Care and support were well planned and there were enough staff to meet people’s assessed needs. People were treated with kindness and respect.

People benefitted from the food and fluid being carefully monitored and by being offered a variety of meals, snacks and drinks throughout the day.

People’s medicines were not always managed safely.

There were a range of activities which people enjoyed. This included regular visits from local school children, which people really enjoyed and looked forward to.

People were supported in the least restrictive way possible; the policies, systems and culture in the service supported this practice.

People said they were listened to and could make their concerns known, but these were not always recorded.

Rating at last inspection:

At the last inspection the service was rated as Requires Improvement (The last report was published January 2018). At this inspection the overall rating remained as Requires Improvement. This was the third time the service has been rated as requires improvement.

Why we inspected:

This was a planned inspection to look at improvements the service had made following the previous rating. At this inspection we found improvements had been made in the areas we identified previously. Care plans were now more detailed and contained more individualised content. There were more meaningful activities and people appeared engaged and well cared for. However, we found other areas which required improvement. Medicine management was not robust and placed people at risk. Following our initial feedback, the manager completed an audit of all medicine records and stock and had made some changes to systems. They had also addressed this with senior care staff. Hot water temperatures on some sinks were in excess of what is considered safe for vulnerable people. This had not been risk assessed. The service was in the process of fitting regulator valves to prevent water being too hot and therefore reduce the risk of possible scalding. However, at the time of the inspection, this risk remained.

Enforcement: Action we told the provider to take. We have made one requirement notice in relation to regulation 12- safe care and treatment. You can see this in full at the end of the report.

Follow up: We will continue to monitor the service to ensure that people receive safe, compassionate, high quality care. Further inspections will be planned based on the rating. If we receive any concerns, we may bring our inspection forward.

For more details, please see the full report which is on the CQC website at www.cqc.org.uk

7th February 2018 - During an inspection to make sure that the improvements required had been made pdf icon

This focussed inspection took place on 7 February 2018 and was unannounced. When we completed their last comprehensive inspection on 19 September 2017 we found there were breaches of legal requirements in regulation 9 - person centred care, 12 -safe care and treatment and 18 of the Registration Regulations 2009 - notifications of other incidents.
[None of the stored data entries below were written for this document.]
(* Let $d\ge 1$ and let $\mu$ be the probability measure on $\mathbb{R}^d$ given by $\mathrm{d}\mu(x)=\rho(|x|)\,\mathrm{d}x$, where $\rho:[0,\infty)\to(0,\infty)$ is continuous. Let $A\subset\mathbb{R}^d$ be a bounded closed convex set containing the origin $0$. Then for every closed ball $B$ centered at the origin, $$\mu(A\cap B)\ge \mu(A)\,\mu(B).$$
   Context: $|x|$ denotes the Euclidean norm on $\mathbb{R}^d$. The set $A$ is not assumed to be symmetric. In particular the conclusion applies to the standard Gaussian measure $\gamma_d$. *)

theory Defs
  imports "HOL-Probability.Probability"
begin

end

theory Submission imports Defs begin

(* For r > 0 let C be the radial cone of A at radius r: the set of x whose ray
   meets the sphere of radius r inside A.  C is a cone, and since A is star-shaped
   about 0 it is squeezed between A and the ball B = cball 0 r:
       C \<inter> B \<subseteq> A   and   A - B \<subseteq> C.
   A radial density factorises into a "direction" and a "radius" part, so every Borel
   cone is independent of every radial set; in particular mu(C \<inter> B) = mu(C) mu(B).
   The sandwich together with this independence yields mu(A \<inter> B) \<ge> mu(A) mu(B) by
   elementary arithmetic. *)

section \<open>Lebesgue measure of cones\<close>

lemma cone_scaleR_iff:
  fixes C :: "'a::real_vector set"
  assumes "cone C" "0 < c"
  shows "c *\<^sub>R x \<in> C \<longleftrightarrow> x \<in> C"
proof
  assume "c *\<^sub>R x \<in> C"
  from mem_cone[OF assms(1) this, of "inverse c"] assms(2)
  show "x \<in> C" by simp
qed (use assms in \<open>auto intro: mem_cone\<close>)

lemma emeasure_lborel_cball_nonpos:
  assumes "t \<le> 0"
  shows "emeasure lborel (cball (0::'a::euclidean_space) t) = 0"
proof (cases "t = 0")
  case True
  then show ?thesis by (simp add: emeasure_cball)
qed (use assms in simp)

(* Dilating by t scales the part of a cone inside the ball of radius t back to the
   part inside the unit ball, at the cost of the Jacobian t^d. *)
lemma lborel_cone_cball_scale:
  fixes C :: "'a::euclidean_space set"
  assumes C: "C \<in> sets borel" "cone C" and t: "0 < t"
  shows "emeasure lborel (C \<inter> cball 0 t) = ennreal (t ^ DIM('a)) * emeasure lborel (C \<inter> cball 0 1)"
proof -
  have lborel_dilated: "(lborel::'a measure) = density (distr lborel borel (\<lambda>x. t *\<^sub>R x)) (\<lambda>_. t ^ DIM('a))"
    using lborel_affine[of t "0::'a"] t by simp
  have "emeasure lborel (C \<inter> cball 0 t)
      = ennreal (t ^ DIM('a)) * emeasure (distr lborel borel (\<lambda>x. t *\<^sub>R x)) (C \<inter> cball 0 t)"
    using C t by (subst lborel_dilated) (simp add: emeasure_density nn_integral_cmult_indicator)
  also have "emeasure (distr lborel borel (\<lambda>x. t *\<^sub>R x)) (C \<inter> cball 0 t)
      = emeasure lborel ((\<lambda>x. t *\<^sub>R x) -` (C \<inter> cball 0 t))"
    using C by (subst emeasure_distr) auto
  also have "(\<lambda>x. t *\<^sub>R x) -` (C \<inter> cball 0 t) = C \<inter> cball 0 1"
    using t cone_scaleR_iff[OF C(2) t] by (auto simp: mem_cball)
  finally show ?thesis .
qed

definition cone_fraction :: "'a::euclidean_space set \<Rightarrow> real" where
  "cone_fraction C = measure lborel (C \<inter> cball 0 1) / unit_ball_vol DIM('a)"

lemma lborel_cone_cball:
  fixes C :: "'a::euclidean_space set"
  assumes C: "C \<in> sets borel" "cone C"
  shows "emeasure lborel (C \<inter> cball 0 t) = ennreal (cone_fraction C) * emeasure lborel (cball (0::'a) t)"
proof (cases "0 < t")
  case True
  define V where "V = unit_ball_vol DIM('a)"
  have V: "0 < V" unfolding V_def by simp
  have "emeasure lborel (C \<inter> cball (0::'a) 1) \<le> emeasure lborel (cball (0::'a) 1)"
    by (rule emeasure_mono) auto
  then have unit_part: "emeasure lborel (C \<inter> cball (0::'a) 1) = ennreal (measure lborel (C \<inter> cball 0 1))"
    using emeasure_lborel_cball_finite[of "0::'a" 1]
    by (intro emeasure_eq_ennreal_measure) (auto simp: top_unique)
  have fraction: "cone_fraction C = measure lborel (C \<inter> cball 0 1) / V"
    by (simp add: cone_fraction_def V_def)
  have "emeasure lborel (C \<inter> cball 0 t) = ennreal (t ^ DIM('a) * measure lborel (C \<inter> cball 0 1))"
    using lborel_cone_cball_scale[OF C True] unit_part True by (simp add: ennreal_mult')
  also have "t ^ DIM('a) * measure lborel (C \<inter> cball 0 1) = cone_fraction C * (V * t ^ DIM('a))"
    using V by (simp add: fraction)
  also have "ennreal \<dots> = ennreal (cone_fraction C) * ennreal (V * t ^ DIM('a))"
    by (rule ennreal_mult) (use V True in \<open>simp_all add: fraction\<close>)
  finally show ?thesis
    using True by (simp add: emeasure_cball V_def)
next
  case False
  then have "emeasure lborel (C \<inter> cball (0::'a) t) \<le> emeasure lborel (cball (0::'a) t)"
    by (intro emeasure_mono) auto
  with False show ?thesis
    by (simp add: emeasure_lborel_cball_nonpos)
qed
We issued requirement notices for these three breaches. We also found a repeated breach of regulation 17-good governance so we issued a warning notice. This sets out the evidence we found to show the breach and gave the provider a timeframe by which they needed to make improvements to meet this regulation. We are also met with the provider on 23 February 2018 to discuss their actions to improve this service and two other services they provide at other care home locations.
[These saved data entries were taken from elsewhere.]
lemma length_fg_mult:
  assumes "reduced \<gamma>" "reduced \<psi>"
  shows "length (fg_mult \<gamma> \<psi>) = length \<gamma> + length \<psi> - 2 * common_prefix_length (inv_word \<gamma>) \<psi>"
proof -
  define g where "g = inv_word \<gamma>"
  define c where "c = common_prefix_length g \<psi>"
  have c_le: "c \<le> length g" "c \<le> length \<psi>"
    using common_prefix_length_le c_def by auto
  have \<gamma>_split: "\<gamma> = inv_word (drop c g) @ inv_word (take c g)"
    by (metis g_def inv_word_simps(3,4) append_take_drop_id)
  have \<psi>_split: "\<psi> = take c g @ drop c \<psi>"
    using take_common_prefix_length[of g \<psi>] c_def by simp
  have "hd (drop c \<psi>) \<noteq> hd (drop c g)" if "drop c g \<noteq> []" "drop c \<psi> \<noteq> []"
    using that nth_common_prefix_length_neq[of g \<psi>] c_def by (simp add: hd_drop_conv_nth)
  then have rest_reduced: "reduced (inv_word (drop c g) @ drop c \<psi>)"
    using assms by (auto simp: g_def reduced_append reduced_drop last_inv_word)
  have "fg_mult \<gamma> \<psi> = foldr red_cons \<gamma> \<psi>"
    by (rule fg_mult_reduced_right[OF assms(2)])
  also have "\<dots> = foldr red_cons (inv_word (drop c g)) (drop c \<psi>)"
    by (subst \<gamma>_split, subst \<psi>_split, rule foldr_red_cons_cancel)
  also have "\<dots> = inv_word (drop c g) @ drop c \<psi>"
    by (rule foldr_red_cons_reduced[OF rest_reduced])
  finally show ?thesis using c_le by (simp add: c_def g_def)
qed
Following the last inspection, we asked the provider to complete an action plan to show what they would do and by when to improve the key questions of safe, effective, responsive and well-led to at least good. During this inspection we found improvements had been made to the detail of care plans which enabled staff to provide more personalised and consistent care. We found health conditions and people’s preferred routines and likes and dislikes had been more clearly recorded. Risks were being clearly monitored and risk assessments detailed what staff should do to mitigate any risks identified. A new activities person had been employed who was providing a programme of activities throughout the week both in groups and to individuals, depending on their wishes and interests. We checked the accident and incident reports and found they linked to whether a notification had been sent to CQC. There were no gaps in reporting.

Where we had previously identified gaps in the quality assurance and audits to ensure people were kept safe, these had been rectified. Hot water was being regularly monitored to ensure it was not a risk of scalding people. The medicines storage areas were being more closely monitored to ensure the temperature did not rise above the recommended level. The provider had installed a cooling unit to the medicines storage room which helped to keep the temperature at a consistent level. The audits were being overseen by the manager and provider, who had increased their visits to the service.
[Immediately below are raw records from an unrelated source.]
lemma bajraktarevic_arith_mean_pullback:
  fixes I :: "real set" and f g h :: "real \<Rightarrow> real"
  assumes I: "is_interval I" "open I" and t: "0 < t" "t < 1"
    and f_pos: "\<forall>x\<in>I. 0 < f x"
    and k_cont: "continuous_on I (\<lambda>x. g x / f x)" and k_inj: "inj_on (\<lambda>x. g x / f x) I"
    and h_cont: "continuous_on I h" and h_inj: "inj_on h I"
    and means_eq: "\<forall>x\<in>I. \<forall>y\<in>I.
            the_inv_into I (\<lambda>z. g z / f z) ((t * g x + (1 - t) * g y) / (t * f x + (1 - t) * f y))
            = the_inv_into I h (t * h x + (1 - t) * h y)"
    and x0: "x0 \<in> I" and x1: "x1 \<in> I" "x0 \<noteq> x1"
  shows "bajraktarevic_arith_mean (h ` I)
           (\<lambda>u. f (the_inv_into I h u)) (\<lambda>u. g (the_inv_into I h u))
           (\<lambda>u. g (the_inv_into I h u) / f (the_inv_into I h u)) t
           (min (h x0) (h x1)) (max (h x0) (h x1))"
proof -
  define k where "k x = g x / f x" for x
  define hinv where "hinv = the_inv_into I h"
  have hinv_mem: "hinv u \<in> I" and h_hinv: "h (hinv u) = u" if "u \<in> h ` I" for u
    using that the_inv_into_into[OF h_inj] f_the_inv_into_f[OF h_inj]
    unfolding hinv_def by auto
  have hinv_cont: "continuous_on (h ` I) hinv"
    unfolding hinv_def
    by (rule continuous_on_inverse_open[OF I(2) h_cont]) (simp_all add: the_inv_into_f_f[OF h_inj])
  have "h x0 \<noteq> h x1"
    using h_inj x0 x1 unfolding inj_on_def by blast
  show ?thesis
    unfolding hinv_def[symmetric] k_def[symmetric]
  proof
    show "is_interval (h ` I)"
      using convex_continuous_image[OF I(1) h_cont] by (simp add: is_interval_convex_1)
    show "0 < f (hinv u)" and "g (hinv u) = k (hinv u) * f (hinv u)" if "u \<in> h ` I" for u
      using f_pos hinv_mem[OF that] unfolding k_def by auto
    show "inj_on (\<lambda>u. k (hinv u)) (h ` I)"
      using k_inj hinv_mem h_hinv unfolding k_def inj_on_def by metis
    show "continuous_on (h ` I) (\<lambda>u. k (hinv u))"
      using k_cont hinv_mem unfolding k_def by (intro continuous_on_compose2[OF _ hinv_cont]) auto
    show "0 < t" "t < 1" by (fact t)+
    show "min (h x0) (h x1) \<in> h ` I" "max (h x0) (h x1) \<in> h ` I"
      "min (h x0) (h x1) < max (h x0) (h x1)"
      using x0 x1 \<open>h x0 \<noteq> h x1\<close> by (auto simp: min_def max_def)
    fix u v assume u: "u \<in> h ` I" and v: "v \<in> h ` I"
    define x y where "x = hinv u" and "y = hinv v"
    have x: "x \<in> I" "h x = u" and y: "y \<in> I" "h y = v"
      unfolding x_def y_def using hinv_mem h_hinv u v by auto
    define z where "z = (t * g x + (1 - t) * g y) / (t * f x + (1 - t) * f y)"
    have fx: "0 < f x" and fy: "0 < f y"
      using f_pos x y by auto
    hence A: "0 < t * f x" and B: "0 < (1 - t) * f y"
      using t by auto
    have "z = (t * f x * k x + (1 - t) * f y * k y) / (t * f x + (1 - t) * f y)"
      unfolding z_def k_def using fx fy by simp
    hence "z \<in> k ` I"
      using convex_weighted_mean_mem[OF convex_continuous_image[OF I(1) k_cont[folded k_def]] _ _ A B] x y
      by (simp add: mult.commute)
    moreover have "the_inv_into I k z = hinv (t * u + (1 - t) * v)"
      using means_eq x y unfolding hinv_def k_def z_def by metis
    ultimately have "k (hinv (t * u + (1 - t) * v)) = z"
      using f_the_inv_into_f[OF k_inj[folded k_def]] by metis
    moreover have "z * (t * f x + (1 - t) * f y) = t * g x + (1 - t) * g y"
      unfolding z_def using A B by simp
    ultimately show "t * g (hinv u) + (1 - t) * g (hinv v)
                     = k (hinv (t * u + (1 - t) * v)) * (t * f (hinv u) + (1 - t) * f (hinv v))"
      unfolding x_def[symmetric] y_def[symmetric] by simp
  qed
qed

lemma bajraktarevic_eq_quasi_arith_imp_pair_equiv:
  fixes I :: "real set" and f g h :: "real \<Rightarrow> real"
  assumes I: "is_interval I" "open I" "I \<noteq> {}" and t: "0 < t" "t < 1"
    and f_pos: "\<forall>x\<in>I. 0 < f x"
    and k_cont: "continuous_on I (\<lambda>x. g x / f x)" and k_inj: "inj_on (\<lambda>x. g x / f x) I"
    and h_cont: "continuous_on I h" and h_inj: "inj_on h I"
    and means_eq: "\<forall>x\<in>I. \<forall>y\<in>I.
            the_inv_into I (\<lambda>z. g z / f z) ((t * g x + (1 - t) * g y) / (t * f x + (1 - t) * f y))
            = the_inv_into I h (t * h x + (1 - t) * h y)"
  shows "\<exists>p. (t - 1/2) * p = 0 \<and> pair_equiv I f g (\<lambda>x. S_fun p (h x)) (\<lambda>x. C_fun p (h x))"
proof -
  obtain x0 \<epsilon> where x0: "x0 \<in> I" and \<epsilon>: "0 < \<epsilon>" "ball x0 \<epsilon> \<subseteq> I"
    using I(2,3) open_contains_ball by blast
  define x1 where "x1 = x0 + \<epsilon> / 2"
  have x1: "x1 \<in> I" "x0 \<noteq> x1"
    using \<epsilon> unfolding x1_def by (auto simp: dist_real_def)
  define hinv where "hinv = the_inv_into I h"
  obtain p where p: "(t - 1/2) * p = 0"
    and "in_S_C_span (h ` I) p (\<lambda>u. f (hinv u))" "in_S_C_span (h ` I) p (\<lambda>u. g (hinv u))"
    using bajraktarevic_arith_mean.in_S_C_span_F_G[OF bajraktarevic_arith_mean_pullback[OF
            I(1,2) t f_pos k_cont k_inj h_cont h_inj means_eq x0 x1]]
    unfolding hinv_def by blast
  then obtain \<alpha>1 \<beta>1 \<alpha>2 \<beta>2
    where "\<forall>u\<in>h ` I. f (hinv u) = \<alpha>1 * S_fun p u + \<beta>1 * C_fun p u"
      and "\<forall>u\<in>h ` I. g (hinv u) = \<alpha>2 * S_fun p u + \<beta>2 * C_fun p u"
    unfolding in_S_C_span_def by blast
  hence "\<forall>x\<in>I. f x = \<alpha>1 * S_fun p (h x) + \<beta>1 * C_fun p (h x)"
    and "\<forall>x\<in>I. g x = \<alpha>2 * S_fun p (h x) + \<beta>2 * C_fun p (h x)"
    unfolding hinv_def using the_inv_into_f_f[OF h_inj] by auto
  moreover have "g x0 / f x0 \<noteq> g x1 / f x1"
    using k_inj x0 x1 unfolding inj_on_def by blast
  ultimately have "pair_equiv I f g (\<lambda>x. S_fun p (h x)) (\<lambda>x. C_fun p (h x))"
    by (intro pair_equiv_of_span[OF _ _ f_pos x0 x1(1)])
  thus ?thesis using p by blast
qed

lemma pair_equiv_imp_bajraktarevic_eq_quasi_arith:
  fixes I :: "real set" and f g h :: "real \<Rightarrow> real"
  assumes I: "is_interval I" and t: "0 < t" "t < 1" and f_pos: "\<forall>x\<in>I. 0 < f x"
    and k_inj: "inj_on (\<lambda>x. g x / f x) I"
    and h_cont: "continuous_on I h" and h_inj: "inj_on h I"
    and p: "(t - 1/2) * p = 0"
    and equiv: "pair_equiv I f g (\<lambda>x. S_fun p (h x)) (\<lambda>x. C_fun p (h x))"
  shows "\<forall>x\<in>I. \<forall>y\<in>I.
            the_inv_into I (\<lambda>z. g z / f z) ((t * g x + (1 - t) * g y) / (t * f x + (1 - t) * f y))
            = the_inv_into I h (t * h x + (1 - t) * h y)"
proof (intro ballI)
  fix x y assume x: "x \<in> I" and y: "y \<in> I"
  obtain a b c d where det: "a * d \<noteq> c * b"
    and SC: "\<forall>x\<in>I. S_fun p (h x) = a * f x + b * g x \<and> C_fun p (h x) = c * f x + d * g x"
    using equiv unfolding pair_equiv_def by blast
  define U where "U = t * h x + (1 - t) * h y"
  have "U \<in> h ` I"
    unfolding U_def using convexD[OF convex_continuous_image[OF I h_cont], of "h x" "h y" t "1 - t"] x y t
    by simp
  then obtain m where m: "m \<in> I" "h m = U" by blast
  have SC_at: "S_fun p (h z) = a * f z + b * g z" "C_fun p (h z) = c * f z + d * g z" if "z \<in> I" for z
    using SC that by blast+
  \<comment> \<open>The subtraction formula for \<open>S\<^sub>p\<close> turns the mean identity for \<open>S\<^sub>p\<close> into a determinant.\<close>
  have "(a * d - c * b) * (f m * (t * g x + (1 - t) * g y) - g m * (t * f x + (1 - t) * f y))
        = t * (S_fun p (h m) * C_fun p (h x) - C_fun p (h m) * S_fun p (h x))
          + (1 - t) * (S_fun p (h m) * C_fun p (h y) - C_fun p (h m) * S_fun p (h y))"
    unfolding SC_at[OF m(1)] SC_at[OF x] SC_at[OF y] by (simp add: algebra_simps)
  also have "\<dots> = t * S_fun p (U - h x) + (1 - t) * S_fun p (U - h y)"
    unfolding m(2) S_fun_diff ..
  also have "\<dots> = 0"
    unfolding U_def by (rule S_fun_weighted_mean_zero[OF p])
  finally have "f m * (t * g x + (1 - t) * g y) = g m * (t * f x + (1 - t) * f y)"
    using det by simp
  moreover have "0 < t * f x + (1 - t) * f y" "0 < f m"
    using t f_pos x y m by (simp_all add: add_pos_pos)
  ultimately have "g m / f m = (t * g x + (1 - t) * g y) / (t * f x + (1 - t) * f y)"
    by (simp add: field_simps)
  hence "the_inv_into I (\<lambda>z. g z / f z) ((t * g x + (1 - t) * g y) / (t * f x + (1 - t) * f y)) = m"
    using the_inv_into_f_eq[OF k_inj _ m(1)] by simp
  also have "m = the_inv_into I h (t * h x + (1 - t) * h y)"
    using the_inv_into_f_f[OF h_inj m(1)] m(2) unfolding U_def by simp
  finally show "the_inv_into I (\<lambda>z. g z / f z) ((t * g x + (1 - t) * g y) / (t * f x + (1 - t) * f y))
                = the_inv_into I h (t * h x + (1 - t) * h y)" .
qed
No risks, concerns or significant improvement were identified in the remaining Key Question through our ongoing monitoring or during our inspection activity so we did not inspect them. The ratings from the previous comprehensive inspection for these Key Questions were included in calculating the overall rating in this inspection.

Donnington House is a ‘care home’. People in care homes receive accommodation and nursing or personal care as single package under one contractual agreement. CQC regulates both the premises and the care provided, and both were looked at during this inspection. Donnington House is registered to provide personal and nursing care for up to 36 people. They provide care and support for frail older people and those people living with dementia, but do not provide nursing care. On the day of the inspection there were 18 people living at the home.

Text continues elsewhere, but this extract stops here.